Негодующий этот крик, который ничего уже не остановит и не спасет, — последнее, что слышит в своем мире сраженный, наверно думая, что вся ярость крика адресована ему, ему одному, ведь пока на него дождем сыплются взметенные выстрелом пушинки, пока стекленеют глаза, чтобы навсегда остаться открытыми, он медленно, бесконечно медленно обращает лицо, взгляд к этой далекой кричащей женщине.

Но ни женщина, ни стрелок рядом с нею, прикрытый скальным выступом и незримый для сраженного, не видят его невероятного усилия. Они видят только друг друга. Не сводят друг с друга глаз. Ненавидят друг друга. В этот миг они расстаются навсегда, вот так же, как он, бритоголовый, куриный вор, умирающий птицечеловек, расстается сейчас с ними и со всем на свете.

 

26. Свет Нагои

Огни, несчетные огни: лучи прожекторов, что скользят мимо друг друга и перекрещиваются; пальцы света, протянутые в ночь, тонущие в ней и опять, в другом уже месте, возникающие из мрака. Красные сигнальные огни. Мигалки. Строки, глыбы, трепетные узоры освещенных окон; тучи искр! Пронизанные светом башни и дворцы — или это многоэтажные дома? Казармы? Выкройки из света: растянутые в бесконечность светящиеся трассы ночных улиц и проспектов; расшитые искрами посадочные полосы, спиральные туманности.

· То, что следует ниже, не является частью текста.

(* Let $\mathcal{H}=(H,(G_h)_{h\in H})$ be a point-finite, honest graph-decomposition of a graph $G$ into finite connected parts. Then the map $f\mapsto g_f$ from the directions of $G$ to the directions of $H$ is a bijection.
   Context: A graph-decomposition of $G$ is a pair $(H,(G_h)_{h\in H})$ of a graph $H$ and subgraphs $G_h\subseteq G$ such that $G=\bigcup_h G_h$ and, for every vertex $v$ of $G$, $H_v:=H[\{h:v\in G_h\}]$ is connected. It is point-finite if every $H_v$ is finite, and honest if $G_h\cap G_{h'}\ne\emptyset$ for every edge $hh'$ of $H$. A direction of a graph $X$ is a map $f$ assigning to every finite vertex set $Y$ of $X$ a component $f(Y)$ of $X-Y$ such that $f(Y)\supseteq f(Y')$ whenever $Y\subseteq Y'$. For a direction $f$ of $G$, $g_f$ is the direction of $H$ defined as follows: for a finite $Y\subseteq V(H)$ let $X_Y=\bigcup_{h\in Y}V(G_h)$ (finite since parts are finite); then $g_f(Y)$ is the component of $H-Y$ containing $\bigcup_{v\in f(X_Y)}H_v$. *)

theory Defs
  imports Main
begin

definition graph :: "'v set \<Rightarrow> 'v set set \<Rightarrow> bool" where
  "graph V E \<longleftrightarrow> (\<forall>e\<in>E. e \<subseteq> V \<and> card e = 2)"

definition subgraph :: "'v set \<Rightarrow> 'v set set \<Rightarrow> 'v set \<Rightarrow> 'v set set \<Rightarrow> bool" where
  "subgraph V' E' V E \<longleftrightarrow> graph V' E' \<and> V' \<subseteq> V \<and> E' \<subseteq> E"

definition conn :: "'v set set \<Rightarrow> 'v set \<Rightarrow> bool" where
  "conn E S \<longleftrightarrow> S \<noteq> {} \<and>
     (\<forall>x\<in>S. \<forall>y\<in>S. (\<lambda>a b. a \<in> S \<and> b \<in> S \<and> {a, b} \<in> E)\<^sup>*\<^sup>* x y)"

definition component :: "'v set \<Rightarrow> 'v set set \<Rightarrow> 'v set \<Rightarrow> 'v set \<Rightarrow> bool" where
  "component V E Y C \<longleftrightarrow> C \<subseteq> V - Y \<and> conn E C \<and>
     (\<forall>D. C \<subseteq> D \<and> D \<subseteq> V - Y \<and> conn E D \<longrightarrow> D = C)"

text \<open>Directions of (V,E); to make the set of directions well defined we require the
  value {} outside the domain (finite subsets of V).\<close>

definition direction :: "'v set \<Rightarrow> 'v set set \<Rightarrow> ('v set \<Rightarrow> 'v set) \<Rightarrow> bool" where
  "direction V E f \<longleftrightarrow>
     (\<forall>Y. finite Y \<and> Y \<subseteq> V \<longrightarrow> component V E Y (f Y)) \<and>
     (\<forall>Y Y'. finite Y' \<and> Y' \<subseteq> V \<and> Y \<subseteq> Y' \<longrightarrow> f Y' \<subseteq> f Y) \<and>
     (\<forall>Y. \<not> (finite Y \<and> Y \<subseteq> V) \<longrightarrow> f Y = {})"

definition directions :: "'v set \<Rightarrow> 'v set set \<Rightarrow> ('v set \<Rightarrow> 'v set) set" where
  "directions V E = {f. direction V E f}"

text \<open>A graph-decomposition (H,(G_h)) of G: H = (VH,EH), G_h = (GV h, GE h).\<close>

definition graph_decomposition ::
  "'v set \<Rightarrow> 'v set set \<Rightarrow> 'h set \<Rightarrow> 'h set set \<Rightarrow> ('h \<Rightarrow> 'v set) \<Rightarrow> ('h \<Rightarrow> 'v set set) \<Rightarrow> bool" where
  "graph_decomposition VG EG VH EH GV GE \<longleftrightarrow>
     graph VG EG \<and> graph VH EH \<and>
     (\<forall>h\<in>VH. subgraph (GV h) (GE h) VG EG) \<and>
     VG = (\<Union>h\<in>VH. GV h) \<and> EG = (\<Union>h\<in>VH. GE h) \<and>
     (\<forall>v\<in>VG. conn EH {h\<in>VH. v \<in> GV h})"

definition point_finite :: "'v set \<Rightarrow> 'h set \<Rightarrow> ('h \<Rightarrow> 'v set) \<Rightarrow> bool" where
  "point_finite VG VH GV \<longleftrightarrow> (\<forall>v\<in>VG. finite {h\<in>VH. v \<in> GV h})"

definition honest :: "'h set set \<Rightarrow> ('h \<Rightarrow> 'v set) \<Rightarrow> bool" where
  "honest EH GV \<longleftrightarrow> (\<forall>h h'. {h, h'} \<in> EH \<longrightarrow> GV h \<inter> GV h' \<noteq> {})"

definition induced_dir ::
  "'h set \<Rightarrow> 'h set set \<Rightarrow> ('h \<Rightarrow> 'v set) \<Rightarrow> ('v set \<Rightarrow> 'v set) \<Rightarrow> 'h set \<Rightarrow> 'h set" where
  "induced_dir VH EH GV f Y =
     (if finite Y \<and> Y \<subseteq> VH then
        (THE C. component VH EH Y C \<and>
           (\<Union>v\<in>f (\<Union>h\<in>Y. GV h). {h\<in>VH. v \<in> GV h}) \<subseteq> C)
      else {})"

end

theory Submission
  imports Defs
begin

(* The incidence relation "v lies in G_h" links G and H symmetrically: every vertex of either
   graph is related to a finite, nonempty, connected vertex set of the other graph, and adjacent
   vertices have overlapping related sets (in G because the edge lies in some part, in H by
   honesty).  Hence the image of a connected set avoiding the preimage of a finite set Y is
   connected and avoids Y, so directions can be transferred along the relation in either
   direction; f \<mapsto> g_f is the transfer from G to H.  The transfer back is inverse to it,
   because a transferred component meets the original one, and two components of the same
   graph minus the same finite set that meet are equal. *)

lemma conn_nonempty: "conn E S \<Longrightarrow> S \<noteq> {}"
  by (simp add: conn_def)

lemma walk_mono:
  assumes "(\<lambda>a b. a \<in> A \<and> b \<in> A \<and> {a, b} \<in> E)\<^sup>*\<^sup>* x y" "A \<subseteq> B" "E \<subseteq> E'"
  shows "(\<lambda>a b. a \<in> B \<and> b \<in> B \<and> {a, b} \<in> E')\<^sup>*\<^sup>* x y"
  using assms(1) by (rule mono_rtranclp[rule_format, rotated]) (use assms(2,3) in blast)

lemma conn_walk:
  "conn E A \<Longrightarrow> A \<subseteq> B \<Longrightarrow> x \<in> A \<Longrightarrow> y \<in> A \<Longrightarrow> (\<lambda>a b. a \<in> B \<and> b \<in> B \<and> {a, b} \<in> E)\<^sup>*\<^sup>* x y"
  unfolding conn_def by (blast intro: walk_mono)

lemma conn_mono_edges: "conn E S \<Longrightarrow> E \<subseteq> E' \<Longrightarrow> conn E' S"
  unfolding conn_def by (blast intro: walk_mono)

lemma conn_UN:
  assumes S: "conn ES S" and F: "\<And>a. a \<in> S \<Longrightarrow> conn E (F a)"
    and overlap: "\<And>a b. a \<in> S \<Longrightarrow> b \<in> S \<Longrightarrow> {a, b} \<in> ES \<Longrightarrow> F a \<inter> F b \<noteq> {}"
  shows "conn E (\<Union>a\<in>S. F a)"
proof -
  let ?U = "\<Union>a\<in>S. F a"
  let ?walk = "(\<lambda>x y. x \<in> ?U \<and> y \<in> ?U \<and> {x, y} \<in> E)\<^sup>*\<^sup>*"
  have inside: "?walk x y" if "a \<in> S" "x \<in> F a" "y \<in> F a" for a x y
    using conn_walk[OF F] that by blast
  have along: "\<forall>x\<in>F a. \<forall>y\<in>F b. ?walk x y"
    if "(\<lambda>a b. a \<in> S \<and> b \<in> S \<and> {a, b} \<in> ES)\<^sup>*\<^sup>* a b" "a \<in> S" for a b
    using that
  proof (induction rule: rtranclp_induct)
    case base
    then show ?case using inside by blast
  next
    case (step b c)
    then have bc: "b \<in> S" "c \<in> S" "{b, c} \<in> ES" by auto
    obtain z where "z \<in> F b" "z \<in> F c" using overlap[OF bc] by auto
    then show ?case using step inside[OF bc(2)] by (meson rtranclp_trans)
  qed
  show ?thesis unfolding conn_def
  proof (intro conjI ballI)
    show "?U \<noteq> {}" using S F by (auto dest!: conn_nonempty)
  next
    fix x y assume "x \<in> ?U" "y \<in> ?U"
    then obtain a b where "a \<in> S" "b \<in> S" "x \<in> F a" "y \<in> F b" by auto
    then show "?walk x y" using along S unfolding conn_def by blast
  qed
qed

Огни текучие, огни скачущие, мерцающие, мягкие, теплые и ослепительно голубые; витые огненные гирлянды и огни, тихо и едва приметно пульсирующие, как звезды — сверкающие сквозь термические вихри и течения звезды этой летней ночи.

Первое, что увидели на равнине направлявшиеся в Бранд путники, был световой хаос. Беринг почувствовал, как злость на Лили и напряженная сторожкость, с которой он целый день высматривал бритоголового беглеца или шайку, обуреваемую жаждой мести, преображаются в облегчение, даже в восторг. Карстовое поле, всю дорогу мелькавшее перед глазами, будто лошадь бежала на месте, внезапно оказалось далеко позади, так же далеко, как Моор, как Собачий дом; так же далеко, как все то, откуда он явился. Там внизу раскинулся Бранд.

Наконец-то Бранд.

Пока они шли с карстового поля, Лили сделала один-единственный привал возле водопада, чтобы напоить мула: если бритоголовый беглец все-таки был разведчиком, тогда им необходимо сегодня же попасть на равнину. И они ехали, ехали до самой ночи, по голым отрогам Каменного Моря, пологим склонам холмов, затем по крутому серпантину дороги — ехали навстречу огням Бранда. Дорога была хорошая.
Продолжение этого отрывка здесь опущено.